Конечно, его литературные способности очень восхищали, он писал книги, которые читались людьми, он писал эссе замечательные, которые печатал в своем журнале “Время и мы”. И когда появлялось эссе Виктора Перельмана - это всегда было на первом месте, потому что это было интересно читать, глубокие мысли, глубокий анализ. Это всегда было интересно. О книгах его говорить вообще нечего. “Театр абсурда”, я считаю, войдет в русскую литературу, независимо ни от чего и ни от кого. Может быть, через сто лет его будут читать, как сегодня читают Шолом Алейхема. Книга “Покинутая Россия” не зря получила в Израиле первую премию на конкурсе новых произведений.
Конечно, великое дело, которое он сделал, - журнал “Время и мы”, 152 выпуска - это был титанический труд, совершенно титанический труд при том, что редакции фактически у него не было.
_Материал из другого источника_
lemma dim_vanishing_on_T: "vec.dim {w \<in> C. \<forall>t\<in>T. w $ t = 0} + card T = vec.dim C"
proof -
  define Z where "Z = {x :: 'a^'n. \<forall>i. i \<notin> - T \<longrightarrow> x $ i = 0}"
  have Z: "vec.subspace Z" unfolding Z_def vec.subspace_def by auto
  have "z \<in> {x + y |x y. x \<in> C \<and> y \<in> Z}" for z
  proof -
    obtain w where "w \<in> C" "\<forall>t\<in>T. w $ t = z $ t" using exists_codeword_extending by blast
    then have "w \<in> C" "z - w \<in> Z" by (auto simp: Z_def)
    then show ?thesis by force
  qed
  then have "{x + y |x y. x \<in> C \<and> y \<in> Z} = UNIV" by blast
  then have "vec.dim (UNIV :: ('a^'n) set) + vec.dim (C \<inter> Z) = vec.dim C + vec.dim Z"
    using vec.dim_sums_Int[OF subspace Z] by simp
  moreover have "C \<inter> Z = {w \<in> C. \<forall>t\<in>T. w $ t = 0}" by (auto simp: Z_def)
  moreover have "vec.dim Z = CARD('n) - card T"
    unfolding Z_def dim_substandard_cart by (simp add: Compl_eq_Diff_UNIV card_Diff_subset)
  moreover have "card T \<le> CARD('n)" by (rule card_mono) simp_all
  ultimately show ?thesis by (simp add: card_cart_basis)
qed

lemma dim_subcode_along: "vec.dim (subcode_along C T c) + card T \<le> vec.dim C + 1"
proof -
  define K where "K = {w \<in> C. \<forall>t\<in>T. w $ t = 0}"
  obtain w\<^sub>0 where w\<^sub>0: "w\<^sub>0 \<in> C" "\<forall>t\<in>T. w\<^sub>0 $ t = c $ t" using exists_codeword_extending by blast
  have "subcode_along C T c \<subseteq> vec.span (insert w\<^sub>0 K)"
  proof
    fix w assume "w \<in> subcode_along C T c"
    then obtain l where w: "w \<in> C" "\<forall>t\<in>T. w $ t = l * c $ t" by (auto simp: subcode_along_def)
    have "w - l *s w\<^sub>0 \<in> K"
      using w w\<^sub>0 vec.subspace_diff[OF subspace w(1) vec.subspace_scale[OF subspace w\<^sub>0(1)]]
      by (auto simp: K_def)
    then have "(w - l *s w\<^sub>0) + l *s w\<^sub>0 \<in> vec.span (insert w\<^sub>0 K)"
      by (intro vec.span_add vec.span_scale) (simp_all add: vec.span_base)
    then show "w \<in> vec.span (insert w\<^sub>0 K)" by simp
  qed
  then have "vec.dim (subcode_along C T c) \<le> vec.dim (insert w\<^sub>0 K)" by (rule vec.dim_mono)
  also have "\<dots> \<le> vec.dim K + 1" by (simp add: vec.dim_insert)
  finally show ?thesis using dim_vanishing_on_T unfolding K_def by linarith
qed
lemma graph_iso_reconf_K1_K2:
  assumes "k = 0 \<and> R \<noteq> TAR \<or> 2 \<le> k"
  shows "graph_iso (rverts R {0::nat} {} k) (redges R {0::nat} {} k)
    (rverts R {0::nat, 1} {(0, 1), (1, 0)} k) (redges R {0::nat, 1} {(0, 1), (1, 0)} k)"
  using assms rverts_redges_0[OF fgraph_examples(1)] rverts_redges_0[OF fgraph_examples(3)]
    rverts_redges_large[OF indep_card_le_1_examples(1)] rverts_redges_large[OF indep_card_le_1_examples(2)]
    graph_iso_refl by metis

lemma graph_iso_reconf_TJ_2K1_K2:
  "graph_iso (rverts TJ {0::nat, 1} {} 1) (redges TJ {0::nat, 1} {} 1)
    (rverts TJ {0::nat, 1} {(0, 1), (1, 0)} 1) (redges TJ {0::nat, 1} {(0, 1), (1, 0)} 1)"
proof -
  have "rverts TJ {0::nat, 1} {} 1 = (\<lambda>v. {v}) ` {0, 1}"
    by (rule rverts_1[OF fgraph_examples(2)]) simp
  moreover have "rverts TJ {0::nat, 1} {(0, 1), (1, 0)} 1 = (\<lambda>v. {v}) ` {0, 1}"
    by (rule rverts_1[OF fgraph_examples(3)]) simp
  ultimately have "rverts TJ {0::nat, 1} {} 1 = rverts TJ {0::nat, 1} {(0, 1), (1, 0)} 1" by simp
  moreover have "redges TJ {0::nat, 1} {} 1 = redges TJ {0::nat, 1} {(0, 1), (1, 0)} 1"
    by (simp only: redges.simps calculation)
  ultimately show ?thesis using graph_iso_refl by metis
qed

theorem theorem1p8:
  fixes R :: rule and k :: nat
  shows "((R = TS \<and> k = 1) \<or> (R = TAR \<and> k \<le> 1) \<longrightarrow>
           (\<forall>(V :: 'a set) E (V' :: 'b set) E'. fgraph V E \<longrightarrow> fgraph V' E' \<longrightarrow>
              graph_iso (rverts R V E k) (redges R V E k) (rverts R V' E' k) (redges R V' E' k) \<longrightarrow>
              graph_iso V E V' E'))
       \<and> (\<not> ((R = TS \<and> k = 1) \<or> (R = TAR \<and> k \<le> 1)) \<longrightarrow>
           (\<exists>(V :: nat set) E (V' :: nat set) E'. fgraph V E \<and> fgraph V' E' \<and>
              \<not> graph_iso V E V' E' \<and>
              graph_iso (rverts R V E k) (redges R V E k) (rverts R V' E' k) (redges R V' E' k)))"
proof (intro conjI impI allI)
  fix V :: "'a set" and E :: "('a \<times> 'a) set" and V' :: "'b set" and E' :: "('b \<times> 'b) set"
  assume "(R = TS \<and> k = 1) \<or> (R = TAR \<and> k \<le> 1)" and G: "fgraph V E" "fgraph V' E'"
    and iso: "graph_iso (rverts R V E k) (redges R V E k) (rverts R V' E' k) (redges R V' E' k)"
  then consider "R = TS" "k = 1" | "R = TAR" "k = 0" | "R = TAR" "k = 1" by fastforce
  then show "graph_iso V E V' E'"
    using iso graph_iso_of_graph_iso_TS_1[OF G] graph_iso_of_graph_iso_TAR_0[OF G]
      graph_iso_of_graph_iso_TAR_1[OF G] by cases simp_all
next
  assume "\<not> ((R = TS \<and> k = 1) \<or> (R = TAR \<and> k \<le> 1))"
  then consider "k = 0 \<and> R \<noteq> TAR \<or> 2 \<le> k" | "k = 1" "R = TJ" by (cases R) linarith+
  then show "\<exists>(V :: nat set) E (V' :: nat set) E'. fgraph V E \<and> fgraph V' E' \<and>
      \<not> graph_iso V E V' E' \<and>
      graph_iso (rverts R V E k) (redges R V E k) (rverts R V' E' k) (redges R V' E' k)"
  proof cases
    case 1
    then show ?thesis
      using graph_iso_reconf_K1_K2 fgraph_examples not_graph_iso_examples(1) by blast
  next
    case 2
    then show ?thesis
      using graph_iso_reconf_TJ_2K1_K2 fgraph_examples not_graph_iso_examples(2) by blast
  qed
qed

end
Вся его редакция помещалась в Леонии, в подвале его собственного дома, он был редактор, грузчик, корректор, почтальон, он выполнял один всю работу. Естественно, ему помогала Алла в какой-то степени, его жена, но он один тянул на себе весь этот груз. Он отбирал замечательные произведения, которые он печатал там, из всех стран мира, из России, из Германии, из Франции, из Англии, все это он выбирал, печатал, корректировал, рассылал журналы. И вот эту всю титаническую работу делал один человек. Нужно иметь к тому же совершенно несгибаемую волю, чтобы на протяжении многих лет нести на себе такой тяжелый груз, фактически не имея от этого никакой материальной прибыли, потому что на издании книг и журналов в Америке заработать очень трудно. Такой был человек Виктор Перельман.
И когда он умер - это было большое горе для нас, его не хватает. Мы его не забываем, каждый год мы собираемся в годовщину его смерти у него дома, собираются близкие друзья, вспоминаем его. В этом году исполняется 10 лет, так что мы уже устроим большое собрание, пригласим всех, кто его знал, кто его помнит и кто его любит. Я бы хотел подытожить свой сумбурный рассказ словами Гончарова, сказанными об Илье Обломове: “Таких людей мало - это перлы в толпе”.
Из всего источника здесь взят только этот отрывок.